Use ax[i].text(x, y, str) to add text to an Axes object
Each Axes object, ax[i] in your case, holds all the information about a single plot. Use them instead of calling plt, which only really works well with one subplot per figure or to modify all subplots at once. For example, instead of calling plt.figtext, call ax[0].text to add text to the top plot.
Try following the example code below, or at least read through it to get a better idea how to use your ax list.
import numpy as np
import matplotlib.pyplot as plt
histogram_data = np.random.rand(1000)
heatmap_data = np.random.rand(10, 100)
# Set up figure and axes
fig = plt.figure()
fig.suptitle("These are my two plots")
top_ax = fig.add_subplot(211) #2 rows, 1 col, 1st plot
bot_ax = fig.add_subplot(212) #2 rows, 1 col, 2nd plot
# This is the same as doing 'fig, (top_ax, bot_ax) = plt.subplots(2)'
# Histogram
weights = np.ones_like(histogram_data) / histogram_data.shape[0]
hist, bins = np.histogram(histogram_data, bins=50, weights=weights)
width = 0.7 * (bins[1] - bins[0])
center = (bins[:-1] + bins[1:]) / 2
# Use top_ax to modify anything with the histogram plot
top_ax.bar(center, hist, align='center', width=width)
# ax.text(x, y, str).

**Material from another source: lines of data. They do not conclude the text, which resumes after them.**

(* Let $n,p\ge1$ be integers and let $A=A^{p+1}_{n+1}$ with the multiplication $\odot$ defined in the context. Then $\odot$ is associative and commutative, and $\langle A;\odot,\top\rangle$ is a commutative monoid with neutral element $\top=\langle(n,0),p\rangle$.
   Context: Order $\mathbb{Z}\times\mathbb{Z}$ lexicographically: $(m,r)\preccurlyeq(k,s)$ iff $m<k$, or $m=k$ and $r\le s$; addition/subtraction of pairs is componentwise, and $\min,\max$ of pairs refer to $\preccurlyeq$. For an integer $n\ge1$ let $L^\omega_{n+1}=\{(m,r)\in\mathbb{Z}^2:(0,0)\preccurlyeq(m,r)\preccurlyeq(n,0)\}$ with $x\ast y=\max\{(0,0),x+y-(n,0)\}$ and $x\to y=\min\{(n,0),(n,0)-x+y\}$. For an integer $p\ge1$ let $L_{p+1}=\{0,1,\dots,p\}$ with $\alpha\ast\beta=\max\{0,\alpha+\beta-p\}$. Define $$A=A^{p+1}_{n+1}=\{\langle(m,r),\alpha\rangle:(m,r)\in L^\omega_{n+1},\ \alpha\in\{0,p\}\}\cup\{\langle(m,r),\alpha\rangle:(0,0)\preccurlyeq(m,r)\preccurlyeq(n-1,0),\ 0<\alpha<p\}.$$ Put $\bot=\langle(n,0),0\rangle$, $\top=\langle(n,0),p\rangle$. For $a=\langle(m,r),\alpha\rangle$, $b=\langle(k,s),\beta\rangle\in A$ define $a\odot b$ by: (P1) if $\alpha,\beta\ge1$ and $\alpha+\beta>p$: $a\odot b=\langle(m,r)\ast(k,s),\alpha+\beta-p\rangle$; (P2) if $\alpha,\beta\ge1$ and $\alpha+\beta\le p$: $a\odot b=\langle\min\{(n,0),(2n-(m+k+1),-(r+s))\},0\rangle$; (P3) if $\alpha\ge1$, $\beta=0$: $a\odot b=\langle(m,r)\to(k,s),0\rangle$, and if $\alpha=0$, $\beta\ge1$: $a\odot b=\langle(k,s)\to(m,r),0\rangle$; (P4) if $\alpha=\beta=0$: $a\odot b=\langle\min\{(n,0),(m+k+1,r+s)\},0\rangle$. *)

theory Defs
  imports "HOL-Algebra.Group"
begin

definition lexle :: "int \<times> int \<Rightarrow> int \<times> int \<Rightarrow> bool" where
  "lexle x y \<longleftrightarrow> fst x < fst y \<or> (fst x = fst y \<and> snd x \<le> snd y)"

definition lexmin :: "int \<times> int \<Rightarrow> int \<times> int \<Rightarrow> int \<times> int" where
  "lexmin x y = (if lexle x y then x else y)"

definition lexmax :: "int \<times> int \<Rightarrow> int \<times> int \<Rightarrow> int \<times> int" where
  "lexmax x y = (if lexle x y then y else x)"

definition lstar :: "int \<Rightarrow> int \<times> int \<Rightarrow> int \<times> int \<Rightarrow> int \<times> int" where
  "lstar n x y = lexmax (0,0) (fst x + fst y - n, snd x + snd y)"

definition limp :: "int \<Rightarrow> int \<times> int \<Rightarrow> int \<times> int \<Rightarrow> int \<times> int" where
  "limp n x y = lexmin (n,0) (n - fst x + fst y, - snd x + snd y)"

(* carrier A^{p+1}_{n+1}; elements <(m,r),alpha> encoded as ((m,r),alpha) *)
definition Acar :: "int \<Rightarrow> int \<Rightarrow> ((int \<times> int) \<times> int) set" where
  "Acar n p =
     {(x, \<alpha>). lexle (0,0) x \<and> lexle x (n,0) \<and> (\<alpha> = 0 \<or> \<alpha> = p)}
   \<union> {(x, \<alpha>). lexle (0,0) x \<and> lexle x (n - 1, 0) \<and> 0 < \<alpha> \<and> \<alpha> < p}"

definition Abot :: "int \<Rightarrow> int \<Rightarrow> (int \<times> int) \<times> int" where
  "Abot n p = ((n,0), 0)"

definition Atop :: "int \<Rightarrow> int \<Rightarrow> (int \<times> int) \<times> int" where
  "Atop n p = ((n,0), p)"

definition odot :: "int \<Rightarrow> int \<Rightarrow> (int \<times> int) \<times> int \<Rightarrow> (int \<times> int) \<times> int
                    \<Rightarrow> (int \<times> int) \<times> int" where
  "odot n p a b =
    (let x = fst a; \<alpha> = snd a; y = fst b; \<beta> = snd b in
     if 1 \<le> \<alpha> \<and> 1 \<le> \<beta> \<and> \<alpha> + \<beta> > p then (lstar n x y, \<alpha> + \<beta> - p)
     else if 1 \<le> \<alpha> \<and> 1 \<le> \<beta> then
       (lexmin (n,0) (2*n - (fst x + fst y + 1), - (snd x + snd y)), 0)
     else if 1 \<le> \<alpha> \<and> \<beta> = 0 then (limp n x y, 0)
     else if \<alpha> = 0 \<and> 1 \<le> \<beta> then (limp n y x, 0)
     else (lexmin (n,0) (fst x + fst y + 1, snd x + snd y), 0))"

definition Amonoid :: "int \<Rightarrow> int \<Rightarrow> ((int \<times> int) \<times> int) monoid" where
  "Amonoid n p = \<lparr>carrier = Acar n p, mult = odot n p, one = Atop n p\<rparr>"

end

theory Submission
  imports Defs
begin

text \<open>
  All second coordinates occurring in a product of three elements are bounded in absolute value
  by a constant \<open>S\<close>; on such pairs the lexicographic order is the order of the integer
  \<open>K * m + r\<close> for any \<open>K > 2 * S\<close>. The operations \<open>\<ast>\<close> and \<open>\<rightarrow>\<close>
  and the cases (P2), (P4) are minima and maxima of affine expressions, so this embedding
  carries \<open>\<odot>\<close> to the same operation on the chain \<open>{0, \<dots>, K n}\<close> with step
  \<open>K\<close>. Associativity there is a finite case analysis in linear integer arithmetic, and it
  pulls back along the embedding because the embedding is injective on bounded pairs.
\<close>

lemma odot_P1:
  "1 \<le> \<alpha> \<Longrightarrow> 1 \<le> \<beta> \<Longrightarrow> p < \<alpha> + \<beta> \<Longrightarrow>
    odot n p (x, \<alpha>) (y, \<beta>) = (lstar n x y, \<alpha> + \<beta> - p)"
  and odot_P2:
  "1 \<le> \<alpha> \<Longrightarrow> 1 \<le> \<beta> \<Longrightarrow> \<alpha> + \<beta> \<le> p \<Longrightarrow>
    odot n p (x, \<alpha>) (y, \<beta>) = (lexmin (n, 0) (2 * n - (fst x + fst y + 1), - (snd x + snd y)), 0)"
  and odot_P3:
  "1 \<le> \<alpha> \<Longrightarrow> odot n p (x, \<alpha>) (y, 0) = (limp n x y, 0)"
  "1 \<le> \<beta> \<Longrightarrow> odot n p (x, 0) (y, \<beta>) = (limp n y x, 0)"
  and odot_P4:
  "odot n p (x, 0) (y, 0) = (lexmin (n, 0) (fst x + fst y + 1, snd x + snd y), 0)"
  by (simp_all add: odot_def)

lemmas odot_simps = odot_P1 odot_P2 odot_P3 odot_P4

lemma odot_snd_nonneg: "0 \<le> snd (odot n p a b)"
  by (simp add: odot_def Let_def)

lemma Acar_snd_nonneg: "(x, \<alpha>) \<in> Acar n p \<Longrightarrow> 0 \<le> p \<Longrightarrow> 0 \<le> \<alpha>"
  by (auto simp: Acar_def)

lemma odot_commute:
  assumes "0 \<le> \<alpha>" "0 \<le> \<beta>"
  shows "odot n p (x, \<alpha>) (y, \<beta>) = odot n p (y, \<beta>) (x, \<alpha>)"
  using assms
  by (cases "\<alpha> = 0"; cases "\<beta> = 0"; cases "p < \<alpha> + \<beta>")
     (simp_all add: odot_simps lstar_def ac_simps)

lemma odot_Atop_left:
  assumes "1 \<le> p" "a \<in> Acar n p"
  shows "odot n p (Atop n p) a = a"
proof -
  obtain m r \<alpha> where a: "a = ((m, r), \<alpha>)"
    by (metis prod.collapse)
  have x: "lexle (0, 0) (m, r)" "lexle (m, r) (n, 0)" and "\<alpha> = 0 \<or> 1 \<le> \<alpha>" "\<alpha> \<le> p"
    using assms a by (auto simp: Acar_def lexle_def)
  then consider "\<alpha> = 0" | "1 \<le> \<alpha>"
    by blast
  then show ?thesis
  proof cases
    case 1
    then show ?thesis
      using assms(1) x a by (auto simp: Atop_def odot_simps limp_def lexmin_def lexle_def)
  next
    case 2
    then show ?thesis
      using assms(1) x a \<open>\<alpha> \<le> p\<close>
      by (auto simp: Atop_def odot_simps lstar_def lexmax_def lexle_def)
  qed
qed

text \<open>
  The image of \<open>\<odot>\<close> and of its carrier under \<open>((m, r), \<alpha>) \<mapsto> (K m + r, \<alpha>)\<close>,
  with \<open>N = K n\<close>.
\<close>

definition int_odot :: "int \<Rightarrow> int \<Rightarrow> int \<Rightarrow> int \<times> int \<Rightarrow> int \<times> int \<Rightarrow> int \<times> int" where
  "int_odot K N p a b =
    (let x = fst a; \<alpha> = snd a; y = fst b; \<beta> = snd b in
     if 1 \<le> \<alpha> \<and> 1 \<le> \<beta> \<and> \<alpha> + \<beta> > p then (max 0 (x + y - N), \<alpha> + \<beta> - p)
     else if 1 \<le> \<alpha> \<and> 1 \<le> \<beta> then (min N (2 * N - (x + y + K)), 0)
     else if 1 \<le> \<alpha> \<and> \<beta> = 0 then (min N (N - x + y), 0)
     else if \<alpha> = 0 \<and> 1 \<le> \<beta> then (min N (N - y + x), 0)
     else (min N (x + y + K), 0))"

definition int_car :: "int \<Rightarrow> int \<Rightarrow> int \<Rightarrow> (int \<times> int) set" where
  "int_car K N p =
    {(x, \<alpha>). 0 \<le> x \<and> x \<le> N \<and> 0 \<le> \<alpha> \<and> \<alpha> \<le> p \<and> (0 < \<alpha> \<and> \<alpha> < p \<longrightarrow> x \<le> N - K)}"

lemma int_odot_P1:
  "1 \<le> \<alpha> \<Longrightarrow> 1 \<le> \<beta> \<Longrightarrow> p < \<alpha> + \<beta> \<Longrightarrow>
    int_odot K N p (x, \<alpha>) (y, \<beta>) = (max 0 (x + y - N), \<alpha> + \<beta> - p)"
  and int_odot_P2:
  "1 \<le> \<alpha> \<Longrightarrow> 1 \<le> \<beta> \<Longrightarrow> \<alpha> + \<beta> \<le> p \<Longrightarrow>
    int_odot K N p (x, \<alpha>) (y, \<beta>) = (min N (2 * N - (x + y + K)), 0)"
  and int_odot_P3:
  "1 \<le> \<alpha> \<Longrightarrow> int_odot K N p (x, \<alpha>) (y, 0) = (min N (N - x + y), 0)"
  "1 \<le> \<beta> \<Longrightarrow> int_odot K N p (x, 0) (y, \<beta>) = (min N (N - y + x), 0)"
  and int_odot_P4:
  "int_odot K N p (x, 0) (y, 0) = (min N (x + y + K), 0)"
  by (simp_all add: int_odot_def)

lemmas int_odot_simps = int_odot_P1 int_odot_P2 int_odot_P3 int_odot_P4

lemma int_odot_closed:
  assumes "0 \<le> K" "(x1, a1) \<in> int_car K N p" "(x2, a2) \<in> int_car K N p"
  shows "int_odot K N p (x1, a1) (x2, a2) \<in> int_car K N p"
  using assms unfolding int_car_def
  by (cases "a1 = 0"; cases "a2 = 0"; cases "a1 < p"; cases "a2 < p"; cases "p < a1 + a2";
      auto simp: int_odot_simps)

lemma int_odot_assoc:
  assumes "0 \<le> K"
    and "(x1, a1) \<in> int_car K N p" "(x2, a2) \<in> int_car K N p" "(x3, a3) \<in> int_car K N p"
  shows "int_odot K N p (int_odot K N p (x1, a1) (x2, a2)) (x3, a3)
       = int_odot K N p (x1, a1) (int_odot K N p (x2, a2) (x3, a3))"
proof -
  have "a1 = 0 \<or> 1 \<le> a1" "a2 = 0 \<or> 1 \<le> a2" "a3 = 0 \<or> 1 \<le> a3"
    using assms by (auto simp: int_car_def)
  then show ?thesis
    using assms unfolding int_car_def
    apply (elim disjE)
    subgoal by (clarsimp simp: int_odot_simps) linarith
    subgoal by (cases "a3 < p"; clarsimp simp: int_odot_simps; linarith)
    subgoal by (cases "a2 < p"; clarsimp simp: int_odot_simps; linarith)
    subgoal by (cases "a2 < p"; cases "a3 < p"; cases "p < a2 + a3";
        clarsimp simp: int_odot_simps; linarith)
    subgoal by (cases "a1 < p"; clarsimp simp: int_odot_simps; linarith)
    subgoal by (cases "a1 < p"; cases "a3 < p"; clarsimp simp: int_odot_simps; linarith)
    subgoal by (cases "a1 < p"; cases "a2 < p"; cases "p < a1 + a2";
        clarsimp simp: int_odot_simps; linarith)
    subgoal by (cases "a1 < p"; cases "a2 < p"; cases "a3 < p"; cases "p < a1 + a2";
        cases "p < a2 + a3"; cases "2 * p < a1 + a2 + a3"; clarsimp simp: int_odot_simps; linarith)
    done
qed

definition lex_embed :: "int \<Rightarrow> int \<times> int \<Rightarrow> int" where
  "lex_embed K u = K * fst u + snd u"

lemma lexle_iff_lex_embed_le:
  assumes K: "2 * S < K" and u: "\<bar>snd u\<bar> \<le> S" and v: "\<bar>snd v\<bar> \<le> S"
  shows "lexle u v \<longleftrightarrow> lex_embed K u \<le> lex_embed K v"
proof -
  have far: "K \<le> K * fst w - K * fst w'" if "fst w' < fst w" for w w' :: "int \<times> int"
  proof -
    have "K * 1 \<le> K * (fst w - fst w')"
      using that K u by (intro mult_left_mono) auto
    then show ?thesis
      by (simp add: right_diff_distrib)
  qed
  consider "fst u < fst v" | "fst u = fst v" | "fst v < fst u"
    by linarith
  then show ?thesis
  proof cases
    case 1
    with far[of u v] u v K show ?thesis
      by (simp add: lexle_def lex_embed_def abs_le_iff)
  next
    case 2
    then show ?thesis
      by (simp add: lexle_def lex_embed_def)
  next
    case 3
    with far[of v u] u v K show ?thesis
      by (simp add: lexle_def lex_embed_def abs_le_iff)
  qed
qed

lemma lex_embed_inj:
  assumes "2 * S < K" "\<bar>snd u\<bar> \<le> S" "\<bar>snd v\<bar> \<le> S" "lex_embed K u = lex_embed K v"
  shows "u = v"
  using lexle_iff_lex_embed_le[OF assms(1-3)] lexle_iff_lex_embed_le[OF assms(1,3,2)] assms(4)
  by (auto simp: lexle_def prod_eq_iff)

lemma lex_embed_lexmin:
  assumes "2 * S < K" "\<bar>snd u\<bar> \<le> S" "\<bar>snd v\<bar> \<le> S"
  shows "lex_embed K (lexmin u v) = min (lex_embed K u) (lex_embed K v)"
    and "\<bar>snd (lexmin u v)\<bar> \<le> S"
  using lexle_iff_lex_embed_le[OF assms] assms by (auto simp: lexmin_def)

lemma lex_embed_lexmax:
  assumes "2 * S < K" "\<bar>snd u\<bar> \<le> S" "\<bar>snd v\<bar> \<le> S"
  shows "lex_embed K (lexmax u v) = max (lex_embed K u) (lex_embed K v)"
    and "\<bar>snd (lexmax u v)\<bar> \<le> S"
  using lexle_iff_lex_embed_le[OF assms] assms by (auto simp: lexmax_def)

definition elem_embed :: "int \<Rightarrow> (int \<times> int) \<times> int \<Rightarrow> int \<times> int" where
  "elem_embed K a = (lex_embed K (fst a), snd a)"

lemma elem_embed_inj:
  assumes "2 * S < K" "\<bar>snd (fst a)\<bar> \<le> S" "\<bar>snd (fst b)\<bar> \<le> S"
    and "elem_embed K a = elem_embed K b"
  shows "a = b"
  using lex_embed_inj[OF assms(1-3)] assms(4) by (simp add: elem_embed_def prod_eq_iff)

lemma Acar_iff_elem_embed:
  assumes "2 * S < K" "\<bar>snd x\<bar> \<le> S" "0 \<le> p"
  shows "(x, \<alpha>) \<in> Acar n p \<longleftrightarrow> elem_embed K (x, \<alpha>) \<in> int_car K (K * n) p"
proof -
  have bounds:
    "\<bar>snd (0::int, 0::int)\<bar> \<le> S" "\<bar>snd (n, 0::int)\<bar> \<le> S" "\<bar>snd (n - 1, 0::int)\<bar> \<le> S"
    using assms(2) by auto
  show ?thesis
    using lexle_iff_lex_embed_le[OF assms(1) bounds(1) assms(2)]
      lexle_iff_lex_embed_le[OF assms(1) assms(2) bounds(2)]
      lexle_iff_lex_embed_le[OF assms(1) assms(2) bounds(3)] assms(3)
    by (auto simp: Acar_def int_car_def elem_embed_def lex_embed_def lexle_def algebra_simps)
qed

Make sure x,y are within your plot bounds ((0, 1), (0, .5))
top_ax.text(0.5, 0.5, "Here is text on the top plot", color='r')
# Heatmap
heatmap_params = {'cmap':plt.cm.Blues, 'alpha':0.8, 'vmin':0, 'vmax':1}
# Use bot_ax to modify anything with the heatmap plot
heatmap = bot_ax.pcolor(heatmap_data, **heatmap_params)
cbar = fig.colorbar(heatmap, shrink=0.8, aspect=10, fraction=.1,pad=.01)
# See how it looks
plt.show()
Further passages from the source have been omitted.